- Farizi Location within Iran
- Coordinates: 36°29′17″N 58°58′32″E﻿ / ﻿36.48806°N 58.97556°E
- Country: Iran
- Province: Razavi Khorasan
- County: Golbahar
- District: Golmakan
- Rural District: Cheshmeh Sabz

Population (2016)
- • Total: 388
- Time zone: UTC+3:30 (IRST)

= Farizi, Golbahar =

Village in Razavi Khorasan province, Iran

Farizi (فريزي) (Note: Also romanized as Farīzī and Ferīzī; also known as Farezi and Ferezī) is a village in Cheshmeh Sabz Rural District of Golmakan District in Golbahar County, Razavi Khorasan province, Iran.

==Demographics==
===Population===
At the time of the 2006 National Census, the village's population was 799 in 253 households, when it was in Golmakan Rural District of the former Golbahar District in Chenaran County.
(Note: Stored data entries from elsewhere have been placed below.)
(* Let $G$ be a graph. For all $n\ge 2$ the discrete fundamental group $A_1(G^{(n)})$ is abelian.
   Context: All graphs are connected, simple and locally finite. $G^{(n)}$ is the $n$th reduced power of $G$: the quotient of the Cartesian product graph $G^n$ by the coordinate-permuting action of $\Sigma_n$; equivalently vertices are degree-$n$ monomials in vertices of $G$, adjacent iff they differ by moving one token along one edge of $G$. $A_1$ is the discrete fundamental group: based homotopy classes of eventually-constant graph maps from the integer path graph $\mathbb{Z}$, where a based homotopy is a graph map $\mathbb{Z}\,\square\,I_m\to G^{(n)}$ with based rows, and the product is concatenation. *)

theory Defs
  imports Main "HOL-Library.Multiset" "HOL-Algebra.Group"
begin

definition simple_graph :: "'a set \<Rightarrow> ('a \<Rightarrow> 'a \<Rightarrow> bool) \<Rightarrow> bool" where
  "simple_graph V E \<longleftrightarrow> (\<forall>x y. E x y \<longrightarrow> x \<in> V \<and> y \<in> V \<and> x \<noteq> y \<and> E y x)"

definition connected_graph :: "'a set \<Rightarrow> ('a \<Rightarrow> 'a \<Rightarrow> bool) \<Rightarrow> bool" where
  "connected_graph V E \<longleftrightarrow> (\<forall>x\<in>V. \<forall>y\<in>V. E\<^sup>*\<^sup>* x y)"

definition locally_finite_graph :: "'a set \<Rightarrow> ('a \<Rightarrow> 'a \<Rightarrow> bool) \<Rightarrow> bool" where
  "locally_finite_graph V E \<longleftrightarrow> (\<forall>x\<in>V. finite {y. E x y})"

text \<open>Vertices of G^(n): degree-n monomials (multisets of size n) in vertices of G.\<close>
definition reduced_power_verts :: "'a set \<Rightarrow> nat \<Rightarrow> 'a multiset set" where
  "reduced_power_verts V n = {M. set_mset M \<subseteq> V \<and> size M = n}"

definition reduced_power_adj :: "('a \<Rightarrow> 'a \<Rightarrow> bool) \<Rightarrow> 'a multiset \<Rightarrow> 'a multiset \<Rightarrow> bool" where
  "reduced_power_adj E M M' \<longleftrightarrow> (\<exists>v w. v \<in># M \<and> E v w \<and> M' = M - {#v#} + {#w#})"

text \<open>Based, eventually constant graph maps from the integer path graph.
  Graph maps send adjacent vertices to equal or adjacent vertices.\<close>
definition based_loop :: "'v set \<Rightarrow> ('v \<Rightarrow> 'v \<Rightarrow> bool) \<Rightarrow> 'v \<Rightarrow> (int \<Rightarrow> 'v) \<Rightarrow> bool" where
  "based_loop V E x0 f \<longleftrightarrow>
     (\<forall>i. f i \<in> V) \<and> (\<forall>i. f i = f (i + 1) \<or> E (f i) (f (i + 1))) \<and>
     (\<exists>N::nat. \<forall>i. int N \<le> \<bar>i\<bar> \<longrightarrow> f i = x0)"

text \<open>Based homotopy: a graph map from Z \<box> I_m (I_m the path graph 0..m) with based rows,
  row 0 being f and row m being g.\<close>
definition based_homotopic ::
  "'v set \<Rightarrow> ('v \<Rightarrow> 'v \<Rightarrow> bool) \<Rightarrow> 'v \<Rightarrow> (int \<Rightarrow> 'v) \<Rightarrow> (int \<Rightarrow> 'v) \<Rightarrow> bool" where
  "based_homotopic V E x0 f g \<longleftrightarrow>
     (\<exists>(m::nat) (h::int \<Rightarrow> nat \<Rightarrow> 'v).
        (\<forall>j\<le>m. based_loop V E x0 (\<lambda>i. h i j)) \<and>
        (\<forall>i. \<forall>j<m. h i j = h i (Suc j) \<or> E (h i j) (h i (Suc j))) \<and>
        (\<forall>i. h i 0 = f i) \<and> (\<forall>i. h i m = g i))"

definition loop_radius :: "'v \<Rightarrow> (int \<Rightarrow> 'v) \<Rightarrow> nat" where
  "loop_radius x0 f = (LEAST N::nat. \<forall>i. int N \<le> \<bar>i\<bar> \<longrightarrow> f i = x0)"

definition loop_concat :: "'v \<Rightarrow> (int \<Rightarrow> 'v) \<Rightarrow> (int \<Rightarrow> 'v) \<Rightarrow> int \<Rightarrow> 'v" where
  "loop_concat x0 f g = (\<lambda>i. if i \<le> 0 then f (i + int (loop_radius x0 f))
                             else g (i - int (loop_radius x0 g)))"

definition loop_class :: "'v set \<Rightarrow> ('v \<Rightarrow> 'v \<Rightarrow> bool) \<Rightarrow> 'v \<Rightarrow> (int \<Rightarrow> 'v) \<Rightarrow> (int \<Rightarrow> 'v) set" where
  "loop_class V E x0 f = {g. based_loop V E x0 g \<and> based_homotopic V E x0 f g}"

definition A1 :: "'v set \<Rightarrow> ('v \<Rightarrow> 'v \<Rightarrow> bool) \<Rightarrow> 'v \<Rightarrow> (int \<Rightarrow> 'v) set monoid" where
  "A1 V E x0 =
     \<lparr> carrier = {loop_class V E x0 f | f. based_loop V E x0 f},
       mult = (\<lambda>X Y. loop_class V E x0 (loop_concat x0 (SOME f. f \<in> X) (SOME g. g \<in> Y))),
       one = loop_class V E x0 (\<lambda>_. x0) \<rparr>"

end

theory Submission
  imports Defs
begin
The following census in 2011 counted 741 people in 272 households. The 2016 census measured the population of the village as 388 people in 149 households.

In 2020, the district was separated from the county in the establishment of Golbahar County. The rural district was transferred to the new Golmakan District, and Farizi was transferred to Cheshmeh Sabz Rural District created in the same district.